Asymmetric algorithms are based on hard problems such as factoring large integers or calculating discrete logarithms. A mathematical problem is considered hard if it cannot be solved by computation because the amount of calculations involved would be impractical (even if it were theoretically possible). Put simply, confidence in an asymmetric algorithm is built up over time, based on the difficulty of solving the underlying mathematical problem.

First-generation asymmetric cryptosystems

First-generation asymmetric cryptosystems all use relatively long keys. The most important new features they introduced were key exchange and signature with non-repudiation. The best-known are:

Diffie-Hellman (or DH): published in 1976, this cryptosystem introduced a new method for establishing a shared secret, called the “Diffie-Hellman key exchange”, based on a discrete logarithm problem.
RSA (named after the initials of its inventors, Ron Rivest, Adi Shamir and Leonard Adleman, three MIT cryptographers): published in 1978, this cryptosystem is based on large integer factoring. To this day, it remains one of the best-known and most widely used asymmetric cryptosystems. It can be used for both encryption/decryption operations and for electronic signatures. It is used, for example, to authenticate a bank card at a payment terminal.
DSA (Digital Signature Algorithm): introduced in the early 1990s by the NIST, is a crypto-signature system.
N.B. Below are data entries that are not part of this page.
lemma F_factorization:
  "F E v = card (rooted_orders (branch_edges E u v) u) * card (rooted_orders (branch_edges E v u) v)
             * (card E choose Suc (card (branch_edges E u v)))"
proof -
  have "E \<noteq> {}" using edge by blast
  then show ?thesis
    using rooted_shellings_eq_rooted_orders[OF graph_doubletons[OF graph]] card_rooted_orders
    by (simp add: F_def)
qed

end

theorem corollary3p5:
  fixes V :: "'a set" and E :: "'a set set" and u v :: 'a and n :: nat
  assumes "tree V E"
    and "card V = n" and "n \<ge> 2"
    and "{u, v} \<in> E"
  shows "real (F E v) / real (F E u)
           = real (subtree_size V E u v) / real (subtree_size V E v u)
       \<and> real (subtree_size V E u v) / real (subtree_size V E v u)
           = real (subtree_size V E u v) / (real n - real (subtree_size V E u v))"
proof -
  interpret uv: tree_edge V E u v using assms(1,4) by unfold_locales
  interpret vu: tree_edge V E v u by (rule uv.swap)
  define a where "a = card (branch_edges E u v)"
  define b where "b = card (branch_edges E v u)"
  define c where
    "c = card (rooted_orders (branch_edges E u v) u) * card (rooted_orders (branch_edges E v u) v)"
  have "c > 0"
    using uv.ex_rooted_order_branch vu.ex_rooted_order_branch
    by (auto simp: c_def card_gt_0_iff finite_rooted_orders)
  have F: "F E v = c * (Suc (a + b) choose Suc a)" "F E u = c * (Suc (a + b) choose Suc b)"
    using uv.F_factorization vu.F_factorization uv.card_edges by (simp_all add: a_def b_def c_def)
  have sizes: "subtree_size V E v u = Suc a" "subtree_size V E u v = Suc b"
    using uv.descendants_eq_branch vu.descendants_eq_branch uv.card_branch vu.card_branch
    by (simp_all add: subtree_size_def a_def b_def)
  have "n = Suc a + Suc b"
    using assms(2) uv.card_branches uv.card_branch vu.card_branch
    by (simp add: a_def b_def)
  moreover have "F E v * Suc a = F E u * Suc b"
    using Suc_times_binomial_add[of a b] binomial_symmetric[of "Suc b" "Suc (a + b)"]
    by (simp add: F ac_simps)
  moreover have "F E u > 0" using \<open>c > 0\<close> by (simp add: F)
  ultimately show ?thesis unfolding sizes by (simp add: field_simps flip: of_nat_mult)
qed

end
text \<open>In \<open>\<complex>\<close> the series is dominated by a geometric series, since the digits are
bounded and \<open>|\<alpha>| > 1\<close>. Now let \<open>p\<close> be a Gaussian prime dividing \<open>den\<close>, hence not \<open>num\<close>.
Since \<open>\<alpha> powi (-a) = den ^ a / num ^ a\<close>, the block of terms with indices \<open>n \<le> i < m\<close>
(exponents \<open>k - i\<close>) is \<open>p ^ (n - k)\<close> times a quotient of Gaussian integers whose
denominator \<open>num ^ (m - k)\<close> is prime to \<open>p\<close>. Its \<open>p\<close>-adic absolute value is therefore at
most \<open>N(p) powi (k - n)\<close>, so the partial sums are \<open>p\<close>-adically Cauchy.\<close>

lemma gauss_int_add: "gauss_int a \<Longrightarrow> gauss_int b \<Longrightarrow> gauss_int (a + b)"
  and gauss_int_uminus: "gauss_int a \<Longrightarrow> gauss_int (- a)"
  and gauss_int_mult: "gauss_int a \<Longrightarrow> gauss_int b \<Longrightarrow> gauss_int (a * b)"
  and gauss_int_of_int: "gauss_int (of_int n)"
  and gauss_int_cnj: "gauss_int a \<Longrightarrow> gauss_int (cnj a)"
  by (auto simp: gauss_int_def)

lemma gauss_int_power: "gauss_int a \<Longrightarrow> gauss_int (a ^ n)"
  by (induction n) (auto intro: gauss_int_mult simp: gauss_int_def)

lemma gauss_int_sum: "(\<And>i. i \<in> A \<Longrightarrow> gauss_int (f i)) \<Longrightarrow> gauss_int (sum f A)"
  by (induction A rule: infinite_finite_induct) (auto intro: gauss_int_add simp: gauss_int_def)

lemma gauss_int_norm_ge_1:
  assumes "gauss_int z" "z \<noteq> 0"
  shows "cmod z \<ge> 1"
proof -
  obtain a b where ab: "Re z = of_int a" "Im z = of_int b"
    using assms(1) by (auto simp: gauss_int_def elim!: Ints_cases)
  have "a \<noteq> 0 \<or> b \<noteq> 0" using assms(2) ab by (auto simp: complex_eq_iff)
  hence "1 \<le> a\<^sup>2 + b\<^sup>2" by (smt (verit) zero_le_power2 power2_less_eq_zero_iff)
  hence "1 \<le> (cmod z)\<^sup>2"
    using ab unfolding cmod_power2 by (metis of_int_1_le_iff of_int_add of_int_power)
  thus ?thesis using power2_le_imp_le[of 1 "cmod z"] by simp
qed

lemma gauss_prime_norm_gt_1:
  assumes "gauss_prime p"
  shows "cmod p > 1"
proof -
  have p: "gauss_int p" "p \<noteq> 0" "\<not> gdvd p 1" using assms by (auto simp: gauss_prime_def)
  have "cmod p \<noteq> 1"
  proof
    assume "cmod p = 1"
    hence "1 = p * cnj p" using complex_norm_square[of p] by simp
    thus False using p gauss_int_cnj unfolding gdvd_def by blast
  qed
  moreover have "cmod p \<ge> 1" using gauss_int_norm_ge_1 p by blast
  ultimately show ?thesis by simp
qed

lemma gnorm_gauss_prime_gt_1: "gauss_prime p \<Longrightarrow> gnorm p > 1"
  unfolding gnorm_def using gauss_prime_norm_gt_1 by (simp add: one_less_power)
definition univ_hinge ::
  "nat \<Rightarrow> (nat \<Rightarrow> real^'d) \<Rightarrow> real \<Rightarrow> (nat \<Rightarrow> real^'d) \<Rightarrow> nat \<Rightarrow> nat \<Rightarrow> real"
  where "univ_hinge L xs \<Delta> w i' k = max 0 (Max ((\<lambda>l. w l \<bullet> xs i') ` {1..L}) - w k \<bullet> xs i' - \<Delta>)"

lemma train_margins_iff_hinge_le:
  assumes "1 \<le> L"
  shows "(\<forall>l\<in>{1..L}. 1 - kdelta (y i) l - \<xi> \<le> (w (y i) - w l) \<bullet> x i) \<longleftrightarrow> train_hinge L x y w i \<le> \<xi>"
  using assms by (auto simp: train_hinge_def)

lemma mu_feasible_iff_hinge_le:
  assumes "1 \<le> L"
  shows "mu_feasible n m L x y xs \<Delta> w \<xi> \<zeta> \<longleftrightarrow>
    (\<forall>i\<in>{1..n}. train_hinge L x y w i \<le> \<xi> i) \<and>
    (\<forall>i'\<in>{1..m}. \<forall>k\<in>{1..L}. univ_hinge L xs \<Delta> w i' k \<le> \<zeta> i' k)"
proof -
  have "(\<bar>w k \<bullet> xs i' - Max ((\<lambda>l. w l \<bullet> xs i') ` {1..L})\<bar> \<le> \<Delta> + \<zeta> i' k \<and> 0 \<le> \<zeta> i' k)
      \<longleftrightarrow> univ_hinge L xs \<Delta> w i' k \<le> \<zeta> i' k" if "k \<in> {1..L}" for i' k
    unfolding univ_hinge_def using abs_gap_to_Max_le_iff[of "{1..L}" k "\<lambda>l. w l \<bullet> xs i'"] that
    by simp
  then show ?thesis
    unfolding mu_feasible_def train_margins_iff_hinge_le[OF assms, symmetric] by blast
qed

lemma cs_feasible_aug_iff_hinge_le:
  assumes "1 \<le> L" "0 \<le> \<Delta>"
  shows "cs_feasible (n + m * L) L (aug_x n L x xs) (aug_y n L y) (aug_e n L y \<Delta>) w \<xi> \<longleftrightarrow>
    (\<forall>i\<in>{1..n}. train_hinge L x y w i \<le> \<xi> i) \<and>
    (\<forall>i'\<in>{1..m}. \<forall>k\<in>{1..L}. univ_hinge L xs \<Delta> w i' k \<le> \<xi> (aug_index n L i' k))"
proof -
  have "(\<forall>l\<in>{1..L}. aug_e n L y \<Delta> i l - \<xi> i \<le> (w (aug_y n L y i) - w l) \<bullet> aug_x n L x xs i)
      \<longleftrightarrow> (\<forall>l\<in>{1..L}. 1 - kdelta (y i) l - \<xi> i \<le> (w (y i) - w l) \<bullet> x i)" if "i \<in> {1..n}" for i
    using that by (simp add: aug_x_def aug_y_def aug_e_def)
  moreover have "(\<forall>l\<in>{1..L}. aug_e n L y \<Delta> (aug_index n L i' k) l - \<xi> (aug_index n L i' k)
        \<le> (w (aug_y n L y (aug_index n L i' k)) - w l) \<bullet> aug_x n L x xs (aug_index n L i' k))
      \<longleftrightarrow> univ_hinge L xs \<Delta> w i' k \<le> \<xi> (aug_index n L i' k)"
    if "i' \<in> {1..m}" "k \<in> {1..L}" for i' k
    unfolding univ_hinge_def
    using margins_to_Max_le_iff[of "{1..L}" k \<Delta> "\<xi> (aug_index n L i' k)" "\<lambda>l. w l \<bullet> xs i'"]
      that assms(2)
    by (simp add: aug_data_at_aug_index inner_diff_left)
  ultimately show ?thesis
    unfolding cs_feasible_def ball_aug_split train_margins_iff_hinge_le[OF assms(1), symmetric]
    by blast
qed
text \<open>
  Elements of U_c(M,N) preserve the bipartition, so an element mapping the edge {v1,w1} to
  {v2,w2} maps v1 to v2 and w1 to w2. Conversely, let g, h in U_c(M,N) with g v1 = v2 and
  h w1 = w2, and let \<gamma>, \<mu> be their local actions at v1. Since all arcs into w2 have the same
  colour, m = \<mu> \<gamma>\<inverse> in M sends the colour of (v2, g w1) to that of (v2, w2).
  Because T is a tree, every permutation m of X is induced by an automorphism k fixing v2 that
  recolours every arc by m: k u is found by following any walk from v2 to u and, in the image,
  always taking the arc whose colour is the m-image of the colour taken in the walk. A closed
  walk in a tree shrinks to the trivial walk by cancelling backtracks, which do not change the
  result, so k is well defined. Then k g lies in U_c(M,N) (it multiplies the local actions at
  X-vertices by m and does not change those at Y-vertices) and maps v1 to v2 and w1 to w2.
\<close>

text \<open>walk_from E a xs: a # xs is a walk. Keeping the start vertex apart makes
  concatenation of walks plain list append.\<close>
fun walk_from :: "('v \<Rightarrow> 'v \<Rightarrow> bool) \<Rightarrow> 'v \<Rightarrow> 'v list \<Rightarrow> bool" where
  "walk_from E a [] = True"
| "walk_from E a (x # xs) = (E a x \<and> walk_from E x xs)"

lemma walk_from_append:
  "walk_from E a (ys @ zs) \<longleftrightarrow> walk_from E a ys \<and> walk_from E (last (a # ys)) zs"
  by (induction ys arbitrary: a) auto

lemma is_walk_Cons_Cons: "is_walk E (a # x # xs) \<longleftrightarrow> E a x \<and> is_walk E (x # xs)"
  unfolding is_walk_def by (auto simp: nth_Cons split: nat.splits)

lemma walk_from_iff_is_walk: "walk_from E a xs \<longleftrightarrow> is_walk E (a # xs)"
  by (induction xs arbitrary: a) (auto simp: is_walk_Cons_Cons, simp add: is_walk_def)

lemma is_aut_adj: "is_aut E g \<Longrightarrow> E u w \<Longrightarrow> E (g u) (g w)"
  unfolding is_aut_def by blast

lemma local_action_arc:
  assumes bij: "bij_betw c (out_arcs E u) S" and "E u w"
  shows "local_action E c S g u (c (u, w)) = c (g u, g w)"
proof -
  have arc: "(u, w) \<in> out_arcs E u" using \<open>E u w\<close> unfolding out_arcs_def by blast
  then have "c (u, w) \<in> S" using bij unfolding bij_betw_def by blast
  moreover have "inv_into (out_arcs E u) c (c (u, w)) = (u, w)"
    using inv_into_f_f[OF bij_betw_imp_inj_on[OF bij] arc] .
  ultimately show ?thesis unfolding local_action_def arc_map_def by simp
qed

lemma local_action_comp:
  assumes bij: "bij_betw c (out_arcs E u) S" and g: "is_aut E g"
    and k: "\<And>v w. E v w \<Longrightarrow> c (k v, k w) = m (c (v, w))" and "x \<in> S"
  shows "local_action E c S (k \<circ> g) u x = m (local_action E c S g u x)"
proof -
  obtain w where "E u w" "x = c (u, w)"
    using \<open>x \<in> S\<close> bij unfolding bij_betw_def out_arcs_def by blast
  moreover have "E (g u) (g w)" using is_aut_adj[OF g \<open>E u w\<close>] .
  ultimately show ?thesis using local_action_arc[OF bij] k by simp
qed

lemma U_c_preserves_VX:
  assumes "g \<in> U_c E VX VY X Y c M N"
  shows "g u \<in> VX \<longleftrightarrow> u \<in> VX"
proof -
  have "inj g" "g ` VX = VX" using assms unfolding U_c_def is_aut_def bij_def by auto
  then show ?thesis by (metis inj_image_mem_iff)
qed

lemma U_c_image_edge_iff:
  assumes g: "g \<in> U_c E VX VY X Y c M N" and "VX \<inter> VY = {}"
    and "v1 \<in> VX" "v2 \<in> VX" "w1 \<in> VY" "w2 \<in> VY"
  shows "g ` {v1, w1} = {v2, w2} \<longleftrightarrow> g v1 = v2 \<and> g w1 = w2"
proof
  assume image: "g ` {v1, w1} = {v2, w2}"
  have "g v1 \<in> VX" "g w1 \<notin> VX" using U_c_preserves_VX[OF g] assms(2-6) by auto
  then show "g v1 = v2 \<and> g w1 = w2" using image assms(2-6) by auto
qed simp

locale tree =
  fixes E :: "'v \<Rightarrow> 'v \<Rightarrow> bool"
  assumes is_tree: "is_tree E"
begin

lemma adj_sym: "E u w \<Longrightarrow> E w u"
  using is_tree unfolding is_tree_def simple_graph_def by blast

lemma adj_irrefl: "\<not> E u u"
  using is_tree unfolding is_tree_def simple_graph_def by blast

lemma walk_from_exists: "\<exists>p. walk_from E a p \<and> last (a # p) = u"
proof -
  obtain xs where xs: "is_walk E xs" "hd xs = a" "last xs = u"
    using is_tree unfolding is_tree_def connected_graph_def by blast
  then have "xs = a # tl xs" unfolding is_walk_def by (metis list.collapse)
  then show ?thesis using xs walk_from_iff_is_walk by metis
qed

lemma walk_from_rev:
  "walk_from E a xs \<Longrightarrow> walk_from E (last (a # xs)) (rev (butlast (a # xs)))"
proof (induction xs rule: rev_induct)
  case (snoc y ys)
  then have "walk_from E y (rev (a # ys))"
    by (cases ys rule: rev_cases) (auto simp: walk_from_append adj_sym)
  then show ?case by (simp add: butlast_append)
qed simp

text \<open>A shortest repetition in a walk without backtracking would be a cycle.\<close>
lemma non_backtracking_walk_distinct:
  assumes walk: "is_walk E L" and no_bt: "\<And>i. i + 2 < length L \<Longrightarrow> L ! i \<noteq> L ! (i + 2)"
  shows "distinct L"
proof (rule ccontr)
  let ?rep = "\<lambda>d. \<exists>i. 0 < d \<and> i + d < length L \<and> L ! i = L ! (i + d)"
  assume "\<not> distinct L"
  then obtain i j where "i < j" "j < length L" "L ! i = L ! j"
    by (metis distinct_conv_nth linorder_neqE_nat)
  then have "?rep (j - i)" by (metis add_diff_inverse_nat less_imp_not_less zero_less_diff)
  define d where "d = (LEAST d. ?rep d)"
  obtain i where i: "0 < d" "i + d < length L" "L ! i = L ! (i + d)"
    using LeastI_ex[of ?rep] \<open>?rep (j - i)\<close> d_def by blast
  have minimal: "\<not> ?rep d'" if "d' < d" for d'
    using not_less_Least[of d' ?rep] that d_def by blast
  have adj: "E (L ! t) (L ! Suc t)" if "Suc t < length L" for t
    using walk that unfolding is_walk_def by blast
  have "d \<noteq> 1" using adj[of i] i adj_irrefl by auto
  moreover have "d \<noteq> 2" using no_bt i by auto
  ultimately have d3: "3 \<le> d" using i by linarith
  define C where "C = take d (drop i L)"
  have len: "length C = d" and nth: "\<And>t. t < d \<Longrightarrow> C ! t = L ! (i + t)"
    using i unfolding C_def by auto
  have "distinct C"
    unfolding distinct_conv_nth
  proof (intro allI impI)
    have "C ! s \<noteq> C ! t" if "s < t" "t < d" for s t
    proof
      assume "C ! s = C ! t"
      then have "L ! (i + s) = L ! (i + s + (t - s))" using that nth by simp
      moreover have "i + s + (t - s) < length L" using that i(2) by simp
      moreover have "0 < t - s" "t - s < d" using that by auto
      ultimately show False using minimal[of "t - s"] by blast
    qed
    then show "C ! s \<noteq> C ! t" if "s < length C" "t < length C" "s \<noteq> t" for s t
      using that len by (metis linorder_neqE_nat)
  qed
  moreover have "is_walk E C"
    unfolding is_walk_def using len nth adj i d3 by auto
  moreover have "E (last C) (hd C)"
  proof -
    have "C \<noteq> []" using len d3 by auto
    then show ?thesis using adj[of "i + (d - 1)"] i d3 len nth[of 0] nth[of "d - 1"]
      by (simp add: last_conv_nth hd_conv_nth)
  qed
  ultimately have "has_cycle E" unfolding has_cycle_def using len d3 by blast
  then show False using is_tree unfolding is_tree_def by blast
qed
It is based on a discrete logarithm problem. It has been superseded by a new generation of cryptosystems based on elliptic curves.

Eliptic curve cryptography (ECC)

Introduced in 1985, this new-generation cryptography enabled a paradigm shift by using discrete logarithm problems on elliptic curves: instead of applying discrete logarithm calculations to integers, these calculations are performed based on the points of an elliptic curve. This makes it possible to work with keys of significantly shorter length than first-generation asymmetric cryptosystems, while achieving an equivalent level of security—because the volume of calculations required to break an elliptic curve algorithm increases significantly faster with key size.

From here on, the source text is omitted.